* _Work to complete_: Beginning with the first line and ending with the one containing "n \<longrightarrow> x", copy the lines of the listing below exactly; omit everything else.

START Records for the exercise

(* There is no perfect lattice code in $\mathcal{A}(n,n-2,\ell)$ if $n\ge 4$ and $\ell\ge 2$.
   Context: For integers $n\ge 1$, $0\le t\le n$, $\ell\ge 1$, let $\mathcal{S}(n,t,\ell)=\{\mathcal{E}\in\mathbb{Z}^n: 0\le\varepsilon_i\le\ell \text{ for all } i,\ w_H(\mathcal{E})\le t\}$, where $w_H$ is the number of nonzero coordinates. A lattice here is the set of integer combinations of $n$ linearly independent vectors of $\mathbb{Z}^n$. $\mathcal{A}(n,t,\ell)$ is the set of lattices $\mathcal{L}\subseteq\mathbb{Z}^n$ such that the translates $X+\mathcal{S}(n,t,\ell)$, $X\in\mathcal{L}$, are pairwise disjoint. Such $\mathcal{L}$ is perfect if these translates also cover $\mathbb{Z}^n$. *)

theory Defs
  imports Complex_Main
begin

text \<open>Points of Z^n are functions nat => int that vanish outside {0..<n}.\<close>

definition zvec :: "nat \<Rightarrow> (nat \<Rightarrow> int) set" where
  "zvec n = {x. \<forall>i. i \<ge> n \<longrightarrow> x i = 0}"

definition hamming_weight :: "nat \<Rightarrow> (nat \<Rightarrow> int) \<Rightarrow> nat" where
  "hamming_weight n x = card {i. i < n \<and> x i \<noteq> 0}"

definition shapeS :: "nat \<Rightarrow> nat \<Rightarrow> nat \<Rightarrow> (nat \<Rightarrow> int) set" where
  "shapeS n t l = {e \<in> zvec n. (\<forall>i<n. 0 \<le> e i \<and> e i \<le> int l) \<and> hamming_weight n e \<le> t}"

definition lin_indep_int :: "nat \<Rightarrow> (nat \<Rightarrow> nat \<Rightarrow> int) \<Rightarrow> bool" where
  "lin_indep_int n b \<longleftrightarrow> (\<forall>i<n. b i \<in> zvec n) \<and>
     (\<forall>c :: nat \<Rightarrow> real. (\<forall>j<n. (\<Sum>i<n. c i * real_of_int (b i j)) = 0) \<longrightarrow> (\<forall>i<n. c i = 0))"

definition lattice_gen :: "nat \<Rightarrow> (nat \<Rightarrow> nat \<Rightarrow> int) \<Rightarrow> (nat \<Rightarrow> int) set" where
  "lattice_gen n b = {x. \<exists>c :: nat \<Rightarrow> int. x = (\<lambda>j. \<Sum>i<n. c i * b i j)}"

definition is_lattice :: "nat \<Rightarrow> (nat \<Rightarrow> int) set \<Rightarrow> bool" where
  "is_lattice n L \<longleftrightarrow> (\<exists>b. lin_indep_int n b \<and> L = lattice_gen n b)"

definition translate :: "(nat \<Rightarrow> int) \<Rightarrow> (nat \<Rightarrow> int) set \<Rightarrow> (nat \<Rightarrow> int) set" where
  "translate X S = (\<lambda>e. (\<lambda>j. X j + e j)) ` S"

definition in_A :: "nat \<Rightarrow> nat \<Rightarrow> nat \<Rightarrow> (nat \<Rightarrow> int) set \<Rightarrow> bool" where
  "in_A n t l L \<longleftrightarrow> is_lattice n L \<and>
     (\<forall>X\<in>L. \<forall>Y\<in>L. X \<noteq> Y \<longrightarrow> translate X (shapeS n t l) \<inter> translate Y (shapeS n t l) = {})"

definition perfect :: "nat \<Rightarrow> nat \<Rightarrow> nat \<Rightarrow> (nat \<Rightarrow> int) set \<Rightarrow> bool" where
  "perfect n t l L \<longleftrightarrow> in_A n t l L \<and> (\<Union>X\<in>L. translate X (shapeS n t l)) = zvec n"

end

theory Submission
  imports Defs
begin

text \<open>Disjointness of the translates
means that a nonzero lattice vector can never be written as b - a with a, b in S(n, n-2, l);
in particular its positive or its negative part leaves the shape. Covering the point
1 - e_k (all ones, 0 at k) then forces a lattice vector 1 - c_k e_k with 1 \<le> c_k \<le> l + 1.
For two indices j \<noteq> k, the difference of these vectors is c_k e_k - c_j e_j, which is
excluded when c_j, c_k \<le> l; their sum is 2 outside {j, k} and 1 - l on {j, k}, which is
excluded when c_j = c_k = l + 1 (here n \<ge> 4 and l \<ge> 2 are used). With three indices one
of the two cases must occur.\<close>

lemma is_lattice_subset_zvec: "is_lattice n L \<Longrightarrow> L \<subseteq> zvec n"
  unfolding is_lattice_def lin_indep_int_def lattice_gen_def zvec_def by auto

lemma is_lattice_zero: "is_lattice n L \<Longrightarrow> (\<lambda>_. 0) \<in> L"
  unfolding is_lattice_def lattice_gen_def by (auto intro!: exI[of _ "\<lambda>_. 0"])

lemma is_lattice_add:
  assumes "is_lattice n L" "X \<in> L" "Y \<in> L"
  shows "(\<lambda>j. X j + Y j) \<in> L"
proof -
  obtain b where L: "L = lattice_gen n b"
    using assms(1) unfolding is_lattice_def by blast
  obtain c d where "X = (\<lambda>j. \<Sum>i<n. c i * b i j)" "Y = (\<lambda>j. \<Sum>i<n. d i * b i j)"
    using assms(2,3) unfolding L lattice_gen_def by blast
  then have "(\<lambda>j. X j + Y j) = (\<lambda>j. \<Sum>i<n. (c i + d i) * b i j)"
    by (simp add: distrib_right sum.distrib)
  then show ?thesis unfolding L lattice_gen_def by (intro CollectI exI)
qed

lemma is_lattice_diff:
  assumes "is_lattice n L" "X \<in> L" "Y \<in> L"
  shows "(\<lambda>j. X j - Y j) \<in> L"
proof -
  obtain b where L: "L = lattice_gen n b"
    using assms(1) unfolding is_lattice_def by blast
  obtain c d where "X = (\<lambda>j. \<Sum>i<n. c i * b i j)" "Y = (\<lambda>j. \<Sum>i<n. d i * b i j)"
    using assms(2,3) unfolding L lattice_gen_def by blast
  then have "(\<lambda>j. X j - Y j) = (\<lambda>j. \<Sum>i<n. (c i - d i) * b i j)"
    by (simp add: left_diff_distrib sum_subtractf)
  then show ?thesis unfolding L lattice_gen_def by (intro CollectI exI)
qed

lemma in_A_translates_meet_eq:
  assumes "in_A n t l L" "X \<in> L" "Y \<in> L" "a \<in> shapeS n t l" "b \<in> shapeS n t l"
    and "\<And>j. X j + a j = Y j + b j"
  shows "X = Y"
proof (rule ccontr)
  assume "X \<noteq> Y"
  with assms(1-3) have "translate X (shapeS n t l) \<inter> translate Y (shapeS n t l) = {}"
    unfolding in_A_def by blast
  moreover have "(\<lambda>j. X j + a j) \<in> translate X (shapeS n t l)"
    using assms(4) unfolding translate_def by blast
  moreover have "(\<lambda>j. X j + a j) \<in> translate Y (shapeS n t l)"
    using assms(5,6) unfolding translate_def by (auto intro!: image_eqI[of _ _ b])
  ultimately show False by blast
qed

lemma in_A_lattice_vector_eq_zero:
  assumes "in_A n t l L" "X \<in> L"
    and "\<forall>i<n. \<bar>X i\<bar> \<le> int l"
    and "card {i. i < n \<and> X i > 0} \<le> t" "card {i. i < n \<and> X i < 0} \<le> t"
  shows "X = (\<lambda>_. 0)"
proof -
  have lat: "is_lattice n L" using assms(1) unfolding in_A_def by blast
  then have "X \<in> zvec n" using assms(2) is_lattice_subset_zvec by blast
  define pos where "pos = (\<lambda>j. max (X j) 0)"
  define neg where "neg = (\<lambda>j. max (- X j) 0)"
  have "{i. i < n \<and> pos i \<noteq> 0} = {i. i < n \<and> X i > 0}"
    "{i. i < n \<and> neg i \<noteq> 0} = {i. i < n \<and> X i < 0}"
    by (auto simp: pos_def neg_def)
  then have pos: "pos \<in> shapeS n t l" and neg: "neg \<in> shapeS n t l"
    using \<open>X \<in> zvec n\<close> assms(3-5)
    by (auto simp: shapeS_def zvec_def hamming_weight_def pos_def neg_def)
  show ?thesis
    by (rule in_A_translates_meet_eq[OF assms(1,2) is_lattice_zero[OF lat] neg pos])
      (simp add: pos_def neg_def max_def)
qed

lemma card_avoiding_two_le:
  assumes "S \<subseteq> {..<n}" "j \<notin> S" "k \<notin> S" "j < n" "k < n" "j \<noteq> k"
  shows "card S \<le> n - 2"
proof -
  have "card S \<le> card ({..<n} - {j, k})"
    using assms by (intro card_mono) auto
  also have "\<dots> = n - 2"
    using assms by (subst card_Diff_subset) auto
  finally show ?thesis .
qed

definition ones_minus_unit :: "nat \<Rightarrow> nat \<Rightarrow> int \<Rightarrow> nat \<Rightarrow> int" where
  "ones_minus_unit n k c = (\<lambda>j. (if j < n then 1 else 0) - (if j = k then c else 0))"

lemma perfect_ones_minus_unit_in_lattice:
  assumes perf: "perfect n (n - 2) l L" and "n \<ge> 2" "l \<ge> 1" "k < n"
  shows "\<exists>c. 1 \<le> c \<and> c \<le> int l + 1 \<and> ones_minus_unit n k c \<in> L"
proof -
  have inA: "in_A n (n - 2) l L" using perf unfolding perfect_def by blast
  define q where "q = ones_minus_unit n k 1"
  have "q \<in> zvec n" unfolding q_def ones_minus_unit_def zvec_def using \<open>k < n\<close> by auto
  with perf obtain X where X: "X \<in> L" and "q \<in> translate X (shapeS n (n - 2) l)"
    unfolding perfect_def by blast
  then obtain s where s: "s \<in> shapeS n (n - 2) l" and q: "q = (\<lambda>j. X j + s j)"
    unfolding translate_def by blast
  have X_q_s: "X j = q j - s j" for j by (simp add: q)
  have s_bounds: "\<And>j. j < n \<Longrightarrow> 0 \<le> s j \<and> s j \<le> int l"
    and s_weight: "card {i. i < n \<and> s i \<noteq> 0} \<le> n - 2"
    and s_zvec: "\<And>j. j \<ge> n \<Longrightarrow> s j = 0"
    using s by (auto simp: shapeS_def zvec_def hamming_weight_def)
  have s_off_k: "s i = 0" if "i < n" "i \<noteq> k" for i
  proof (rule ccontr)
    assume "s i \<noteq> 0"
    have "X = (\<lambda>_. 0)"
    proof (rule in_A_lattice_vector_eq_zero[OF inA X])
      show "\<forall>j<n. \<bar>X j\<bar> \<le> int l"
      proof (intro allI impI)
        fix j assume "j < n"
        then show "\<bar>X j\<bar> \<le> int l"
          using s_bounds[of j] \<open>l \<ge> 1\<close> by (auto simp: X_q_s q_def ones_minus_unit_def)
      qed
      show "card {j. j < n \<and> X j > 0} \<le> n - 2"
        using s_bounds[of i] s_bounds[of k] \<open>s i \<noteq> 0\<close> that \<open>k < n\<close>
        by (intro card_avoiding_two_le[of _ n i k])
          (auto simp: X_q_s q_def ones_minus_unit_def)
      have neg_supp: "{j. j < n \<and> X j < 0} \<subseteq> {j. j < n \<and> s j \<noteq> 0}"
        by (auto simp: X_q_s q_def ones_minus_unit_def split: if_splits)
      show "card {j. j < n \<and> X j < 0} \<le> n - 2"
        by (rule le_trans[OF card_mono[OF _ neg_supp] s_weight]) simp
    qed
    then have "s j = q j" for j using X_q_s[of j] by simp
    then have "{j. j < n \<and> s j \<noteq> 0} = {..<n} - {k}"
      by (auto simp: q_def ones_minus_unit_def)
    then show False using s_weight \<open>k < n\<close> \<open>n \<ge> 2\<close> by simp
  qed
  have "X = ones_minus_unit n k (1 + s k)"
  proof
    fix j show "X j = ones_minus_unit n k (1 + s k) j"
      using s_off_k[of j] s_zvec[of j] by (cases "j < n") (auto simp: X_q_s q_def ones_minus_unit_def)
  qed
  then show ?thesis using X s_bounds[OF \<open>k < n\<close>] by (intro exI[of _ "1 + s k"]) auto
qed

lemma in_A_ones_minus_unit_not_both_le:
  assumes inA: "in_A n (n - 2) l L" and "n \<ge> 3" "j < n" "k < n" "j \<noteq> k"
    and "ones_minus_unit n j c \<in> L" "ones_minus_unit n k d \<in> L"
    and "1 \<le> c" "c \<le> int l" "1 \<le> d" "d \<le> int l"
  shows False
proof -
  define D where "D i = ones_minus_unit n j c i - ones_minus_unit n k d i" for i
  have D_eq: "D i = (if i = k then d else 0) - (if i = j then c else 0)" for i
    using assms(3-5) by (simp add: D_def ones_minus_unit_def)
  have "D \<in> L"
    using inA assms(6,7) is_lattice_diff unfolding in_A_def D_def by blast
  have pos: "{i. i < n \<and> D i > 0} \<subseteq> {k}" and neg: "{i. i < n \<and> D i < 0} \<subseteq> {j}"
    using assms(5,8,10) by (auto simp: D_eq split: if_splits)
  have "D = (\<lambda>_. 0)"
  proof (rule in_A_lattice_vector_eq_zero[OF inA \<open>D \<in> L\<close>])
    show "\<forall>i<n. \<bar>D i\<bar> \<le> int l"
      using assms(5,8-11) by (simp add: D_eq)
    show "card {i. i < n \<and> D i > 0} \<le> n - 2" "card {i. i < n \<and> D i < 0} \<le> n - 2"
      using card_mono[OF _ pos] card_mono[OF _ neg] \<open>n \<ge> 3\<close> by simp_all
  qed
  then have "D j = 0" by simp
  then show False using assms(5,8) by (simp add: D_eq)
qed

lemma in_A_ones_minus_unit_not_both_max:
  assumes inA: "in_A n (n - 2) l L" and "n \<ge> 4" "l \<ge> 2" "j < n" "k < n" "j \<noteq> k"
    and "ones_minus_unit n j (int l + 1) \<in> L" "ones_minus_unit n k (int l + 1) \<in> L"
  shows False
proof -
  define S where "S i = ones_minus_unit n j (int l + 1) i + ones_minus_unit n k (int l + 1) i"
    for i
  have S_eq: "S i = (if i < n then (if i = j \<or> i = k then 1 - int l else 2) else 0)" for i
    using assms(4-6) by (simp add: S_def ones_minus_unit_def)
  have "S \<in> L"
    using inA assms(7,8) is_lattice_add unfolding in_A_def S_def by blast
  have neg: "{i. i < n \<and> S i < 0} \<subseteq> {j, k}"
    by (auto simp: S_eq split: if_splits)
  have "S = (\<lambda>_. 0)"
  proof (rule in_A_lattice_vector_eq_zero[OF inA \<open>S \<in> L\<close>])
    show "\<forall>i<n. \<bar>S i\<bar> \<le> int l"
      using \<open>l \<ge> 2\<close> by (simp add: S_eq)
    show "card {i. i < n \<and> S i > 0} \<le> n - 2"
      using \<open>l \<ge> 2\<close> assms(4-6)
      by (intro card_avoiding_two_le[of _ n j k]) (auto simp: S_eq)
    have "card {j, k} \<le> n - 2"
      using \<open>n \<ge> 4\<close> \<open>j \<noteq> k\<close> by simp
    then show "card {i. i < n \<and> S i < 0} \<le> n - 2"
      using card_mono[OF _ neg] by simp
  qed
  then have "S j = 0" by simp
  then show False using assms(3,4) by (simp add: S_eq)
qed

lemma in_A_ones_minus_unit_le_iff:
  assumes inA: "in_A n (n - 2) l L" and "n \<ge> 4" "l \<ge> 2" and jk: "j < n" "k < n" "j \<noteq> k"
    and L: "ones_minus_unit n j c \<in> L" "ones_minus_unit n k d \<in> L"
    and c: "1 \<le> c" "c \<le> int l + 1" and d: "1 \<le> d" "d \<le> int l + 1"
  shows "c \<le> int l \<longleftrightarrow> \<not> d \<le> int l"
proof
  assume "c \<le> int l"
  then show "\<not> d \<le> int l"
    using in_A_ones_minus_unit_not_both_le[OF inA _ jk L] \<open>n \<ge> 4\<close> c(1) d(1) by auto
next
  assume "\<not> d \<le> int l"
  show "c \<le> int l"
  proof (rule ccontr)
    assume "\<not> c \<le> int l"
    then have "c = int l + 1" "d = int l + 1" using c(2) d(2) \<open>\<not> d \<le> int l\<close> by simp_all
    then show False using in_A_ones_minus_unit_not_both_max[OF inA assms(2,3) jk] L by simp
  qed
qed

theorem mainTheorem7:
  fixes n l :: nat
  assumes "n \<ge> 4" and "l \<ge> 2"
  shows "\<not> (\<exists>L. perfect n (n - 2) l L)"
proof
  assume "\<exists>L. perfect n (n - 2) l L"
  then obtain L where perf: "perfect n (n - 2) l L" by blast
  then have inA: "in_A n (n - 2) l L" unfolding perfect_def by blast
  have "\<forall>k\<in>{..<n}. \<exists>c. 1 \<le> c \<and> c \<le> int l + 1 \<and> ones_minus_unit n k c \<in> L"
    using perfect_ones_minus_unit_in_lattice[OF perf] assms by simp
  from bchoice[OF this] obtain c where
    c: "\<forall>k\<in>{..<n}. 1 \<le> c k \<and> c k \<le> int l + 1 \<and> ones_minus_unit n k (c k) \<in> L"
    by blast
  have opposite: "c j \<le> int l \<longleftrightarrow> \<not> c k \<le> int l" if "j < n" "k < n" "j \<noteq> k" for j k
    using in_A_ones_minus_unit_le_iff[OF inA assms that] c that by simp
  from \<open>n \<ge> 4\<close> have "c 0 \<le> int l \<longleftrightarrow> \<not> c 1 \<le> int l" "c 1 \<le> int l \<longleftrightarrow> \<not> c 2 \<le> int l"
    "c 0 \<le> int l \<longleftrightarrow> \<not> c 2 \<le> int l"
    by (simp_all add: opposite)
  then show False by blast
qed

end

END Records for the exercise

* _Task answer_:
(* There is no perfect lattice code in $\mathcal{A}(n,n-2,\ell)$ if $n\ge 4$ and $\ell\ge 2$.
   Context: For integers $n\ge 1$, $0\le t\le n$, $\ell\ge 1$, let $\mathcal{S}(n,t,\ell)=\{\mathcal{E}\in\mathbb{Z}^n: 0\le\varepsilon_i\le\ell \text{ for all } i,\ w_H(\mathcal{E})\le t\}$, where $w_H$ is the number of nonzero coordinates. A lattice here is the set of integer combinations of $n$ linearly independent vectors of $\mathbb{Z}^n$. $\mathcal{A}(n,t,\ell)$ is the set of lattices $\mathcal{L}\subseteq\mathbb{Z}^n$ such that the translates $X+\mathcal{S}(n,t,\ell)$, $X\in\mathcal{L}$, are pairwise disjoint. Such $\mathcal{L}$ is perfect if these translates also cover $\mathbb{Z}^n$. *)

theory Defs
  imports Complex_Main
begin

text \<open>Points of Z^n are functions nat => int that vanish outside {0..<n}.\<close>

definition zvec :: "nat \<Rightarrow> (nat \<Rightarrow> int) set" where
  "zvec n = {x. \<forall>i. i \<ge> n \<longrightarrow> x i = 0}"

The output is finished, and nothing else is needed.